(* Let $Z = (G, c) \subseteq \mathbb{R}^{n_x}$ be a zonotope with $G = [g_1, \dots, g_N]$, let $W \subseteq \mathbb{R}^{n_w}$ be a polytope with vertex set $V = \{w_1, \dots, w_M\}$ ($W$ is the convex hull of $V$), let $E \in \mathbb{R}^{n_x \times n_w}$, and let $H \in \mathbb{R}^{L \times n_x}$, $h \in \mathbb{R}^L$ satisfy $EW = \{x \mid Hx \leq h\}$. Let $b_1, \dots, b_N > 0$ and $d_1, \dots, d_N \geq 0$ be constants. Let $(\theta, \overline{\alpha}, \overline{c})$ be a minimizer of $$\min_{\theta, \alpha, c'} \sum_{i=1}^N b_i \alpha_i \ \text{ s.t. } \ \forall j: c' + \sum_{i=1}^N \theta_{ij} g_i = E w_j, \ |\theta_{ij}| \leq \alpha_i \leq 1 \ (i=1,\dots,N),$$ and set $\overline{\mathfrak{Z}}(Z, EW) = ([\overline{\alpha}_1 g_1, \dots, \overline{\alpha}_N g_N], \overline{c})$. Let $(\underline{\alpha}, \underline{c})$ be a maximizer of $$\max_{\alpha, c'} \sum_{i=1}^N d_i \log(\alpha_i) \ \text{ s.t. } \ H c' + |HG|\alpha \leq h, \ 0 \leq \alpha \leq 1,$$ and set $\underline{\mathfrak{Z}}(Z, EW) = ([\underline{\alpha}_1 g_1, \dots, \underline{\alpha}_N g_N], \underline{c})$. Then $$Z \ominus \overline{\mathfrak{Z}}(Z, EW) \subseteq Z \ominus EW \subseteq Z \ominus \underline{\mathfrak{Z}}(Z, EW),$$ and moreover $Z \ominus \overline{\mathfrak{Z}}(Z, EW) = ([(1-\overline{\alpha}_1) g_1, \dots, (1-\overline{\alpha}_N) g_N], c - \overline{c})$ and $Z \ominus \underline{\mathfrak{Z}}(Z, EW) = ([(1-\underline{\alpha}_1) g_1, \dots, (1-\underline{\alpha}_N) g_N], c - \underline{c})$.
   Context: A zonotope with generator-representation $(G, c)$, where $G = [g_1, \dots, g_N] \in \mathbb{R}^{n \times N}$ and $c \in \mathbb{R}^n$, is the set $\{c + \sum_{i=1}^N \theta_i g_i \mid \theta_i \in [-1,1]\}$; it is denoted $(G, c)$. $EW = \{Ew \mid w \in W\}$; $|HG|$ is the entrywise absolute value of $HG$; vector inequalities are entrywise. The Minkowski difference is $X \ominus Y = \{z \mid z + Y \subseteq X\}$. *)

theory Defs
  imports "HOL-Analysis.Analysis" "HOL-Library.Extended_Real"
begin

definition zonotope :: "('i::finite \<Rightarrow> 'a::real_vector) \<Rightarrow> 'a \<Rightarrow> 'a set" where
  "zonotope g c = {c + (\<Sum>i\<in>UNIV. \<theta> i *\<^sub>R g i) | \<theta>. \<forall>i. \<theta> i \<in> {-1..1}}"

definition minkowski_diff :: "'a::real_vector set \<Rightarrow> 'a set \<Rightarrow> 'a set" where
  "minkowski_diff X Y = {z. (\<lambda>y. z + y) ` Y \<subseteq> X}"

text \<open>Feasible set of the outer (minimisation) problem; theta i w is theta_{ij} for vertex w = w_j.\<close>
definition outer_feasible ::
  "real^'nw^'nx \<Rightarrow> ('i::finite \<Rightarrow> real^'nx) \<Rightarrow> (real^'nw) set
   \<Rightarrow> ('i \<Rightarrow> real^'nw \<Rightarrow> real) \<Rightarrow> ('i \<Rightarrow> real) \<Rightarrow> real^'nx \<Rightarrow> bool" where
  "outer_feasible E g V \<theta> \<alpha> c' \<longleftrightarrow>
     (\<forall>w\<in>V. c' + (\<Sum>i\<in>UNIV. \<theta> i w *\<^sub>R g i) = E *v w) \<and>
     (\<forall>i. (\<forall>w\<in>V. \<bar>\<theta> i w\<bar> \<le> \<alpha> i) \<and> \<alpha> i \<le> 1)"

definition outer_minimizer ::
  "('i::finite \<Rightarrow> real) \<Rightarrow> real^'nw^'nx \<Rightarrow> ('i \<Rightarrow> real^'nx) \<Rightarrow> (real^'nw) set
   \<Rightarrow> ('i \<Rightarrow> real^'nw \<Rightarrow> real) \<Rightarrow> ('i \<Rightarrow> real) \<Rightarrow> real^'nx \<Rightarrow> bool" where
  "outer_minimizer b E g V \<theta> \<alpha> c' \<longleftrightarrow>
     outer_feasible E g V \<theta> \<alpha> c' \<and>
     (\<forall>\<theta>' \<alpha>' c''. outer_feasible E g V \<theta>' \<alpha>' c'' \<longrightarrow>
        (\<Sum>i\<in>UNIV. b i * \<alpha> i) \<le> (\<Sum>i\<in>UNIV. b i * \<alpha>' i))"

definition inner_feasible ::
  "real^'nx^'l \<Rightarrow> real^'l \<Rightarrow> ('i::finite \<Rightarrow> real^'nx) \<Rightarrow> ('i \<Rightarrow> real) \<Rightarrow> real^'nx \<Rightarrow> bool" where
  "inner_feasible H h g \<alpha> c' \<longleftrightarrow>
     (\<forall>l. (H *v c') $ l + (\<Sum>i\<in>UNIV. \<bar>(H *v g i) $ l\<bar> * \<alpha> i) \<le> h $ l) \<and>
     (\<forall>i. 0 \<le> \<alpha> i \<and> \<alpha> i \<le> 1)"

**Work to be completed**.
All of the material is to be duplicated exactly.

**Written answer**.
(* Let $Z = (G, c) \subseteq \mathbb{R}^{n_x}$ be a zonotope with $G = [g_1, \dots, g_N]$, let $W \subseteq \mathbb{R}^{n_w}$ be a polytope with vertex set $V = \{w_1, \dots, w_M\}$ ($W$ is the convex hull of $V$), let $E \in \mathbb{R}^{n_x \times n_w}$, and let $H \in \mathbb{R}^{L \times n_x}$, $h \in \mathbb{R}^L$ satisfy $EW = \{x \mid Hx \leq h\}$. Let $b_1, \dots, b_N > 0$ and $d_1, \dots, d_N \geq 0$ be constants. Let $(\theta, \overline{\alpha}, \overline{c})$ be a minimizer of $$\min_{\theta, \alpha, c'} \sum_{i=1}^N b_i \alpha_i \ \text{ s.t. } \ \forall j: c' + \sum_{i=1}^N \theta_{ij} g_i = E w_j, \ |\theta_{ij}| \leq \alpha_i \leq 1 \ (i=1,\dots,N),$$ and set $\overline{\mathfrak{Z}}(Z, EW) = ([\overline{\alpha}_1 g_1, \dots, \overline{\alpha}_N g_N], \overline{c})$. Let $(\underline{\alpha}, \underline{c})$ be a maximizer of $$\max_{\alpha, c'} \sum_{i=1}^N d_i \log(\alpha_i) \ \text{ s.t. } \ H c' + |HG|\alpha \leq h, \ 0 \leq \alpha \leq 1,$$ and set $\underline{\mathfrak{Z}}(Z, EW) = ([\underline{\alpha}_1 g_1, \dots, \underline{\alpha}_N g_N], \underline{c})$. Then $$Z \ominus \overline{\mathfrak{Z}}(Z, EW) \subseteq Z \ominus EW \subseteq Z \ominus \underline{\mathfrak{Z}}(Z, EW),$$ and moreover $Z \ominus \overline{\mathfrak{Z}}(Z, EW) = ([(1-\overline{\alpha}_1) g_1, \dots, (1-\overline{\alpha}_N) g_N], c - \overline{c})$ and $Z \ominus \underline{\mathfrak{Z}}(Z, EW) = ([(1-\underline{\alpha}_1) g_1, \dots, (1-\underline{\alpha}_N) g_N], c - \underline{c})$.
   Context: A zonotope with generator-representation $(G, c)$, where $G = [g_1, \dots, g_N] \in \mathbb{R}^{n \times N}$ and $c \in \mathbb{R}^n$, is the set $\{c + \sum_{i=1}^N \theta_i g_i \mid \theta_i \in [-1,1]\}$; it is denoted $(G, c)$. $EW = \{Ew \mid w \in W\}$; $|HG|$ is the entrywise absolute value of $HG$; vector inequalities are entrywise. The Minkowski difference is $X \ominus Y = \{z \mid z + Y \subseteq X\}$. *)

theory Defs
  imports "HOL-Analysis.Analysis" "HOL-Library.Extended_Real"
begin

definition zonotope :: "('i::finite \<Rightarrow> 'a::real_vector) \<Rightarrow> 'a \<Rightarrow> 'a set" where
  "zonotope g c = {c + (\<Sum>i\<in>UNIV. \<theta> i *\<^sub>R g i) | \<theta>. \<forall>i. \<theta> i \<in> {-1..1}}"

definition minkowski_diff :: "'a::real_vector set \<Rightarrow> 'a set \<Rightarrow> 'a set" where
  "minkowski_diff X Y = {z. (\<lambda>y. z + y) ` Y \<subseteq> X}"

text \<open>Feasible set of the outer (minimisation) problem; theta i w is theta_{ij} for vertex w = w_j.\<close>
definition outer_feasible ::
  "real^'nw^'nx \<Rightarrow> ('i::finite \<Rightarrow> real^'nx) \<Rightarrow> (real^'nw) set
   \<Rightarrow> ('i \<Rightarrow> real^'nw \<Rightarrow> real) \<Rightarrow> ('i \<Rightarrow> real) \<Rightarrow> real^'nx \<Rightarrow> bool" where
  "outer_feasible E g V \<theta> \<alpha> c' \<longleftrightarrow>
     (\<forall>w\<in>V. c' + (\<Sum>i\<in>UNIV. \<theta> i w *\<^sub>R g i) = E *v w) \<and>
     (\<forall>i. (\<forall>w\<in>V. \<bar>\<theta> i w\<bar> \<le> \<alpha> i) \<and> \<alpha> i \<le> 1)"

definition outer_minimizer ::
  "('i::finite \<Rightarrow> real) \<Rightarrow> real^'nw^'nx \<Rightarrow> ('i \<Rightarrow> real^'nx) \<Rightarrow> (real^'nw) set
   \<Rightarrow> ('i \<Rightarrow> real^'nw \<Rightarrow> real) \<Rightarrow> ('i \<Rightarrow> real) \<Rightarrow> real^'nx \<Rightarrow> bool" where
  "outer_minimizer b E g V \<theta> \<alpha> c' \<longleftrightarrow>
     outer_feasible E g V \<theta> \<alpha> c' \<and>
     (\<forall>\<theta>' \<alpha>' c''. outer_feasible E g V \<theta>' \<alpha>' c'' \<longrightarrow>
        (\<Sum>i\<in>UNIV. b i * \<alpha> i) \<le> (\<Sum>i\<in>UNIV. b i * \<alpha>' i))"

definition inner_feasible ::
  "real^'nx^'l \<Rightarrow> real^'l \<Rightarrow> ('i::finite \<Rightarrow> real^'nx) \<Rightarrow> ('i \<Rightarrow> real) \<Rightarrow> real^'nx \<Rightarrow> bool" where
  "inner_feasible H h g \<alpha> c' \<longleftrightarrow>
     (\<forall>l. (H *v c') $ l + (\<Sum>i\<in>UNIV. \<bar>(H *v g i) $ l\<bar> * \<alpha> i) \<le> h $ l) \<and>
     (\<forall>i. 0 \<le> \<alpha> i \<and> \<alpha> i \<le> 1)"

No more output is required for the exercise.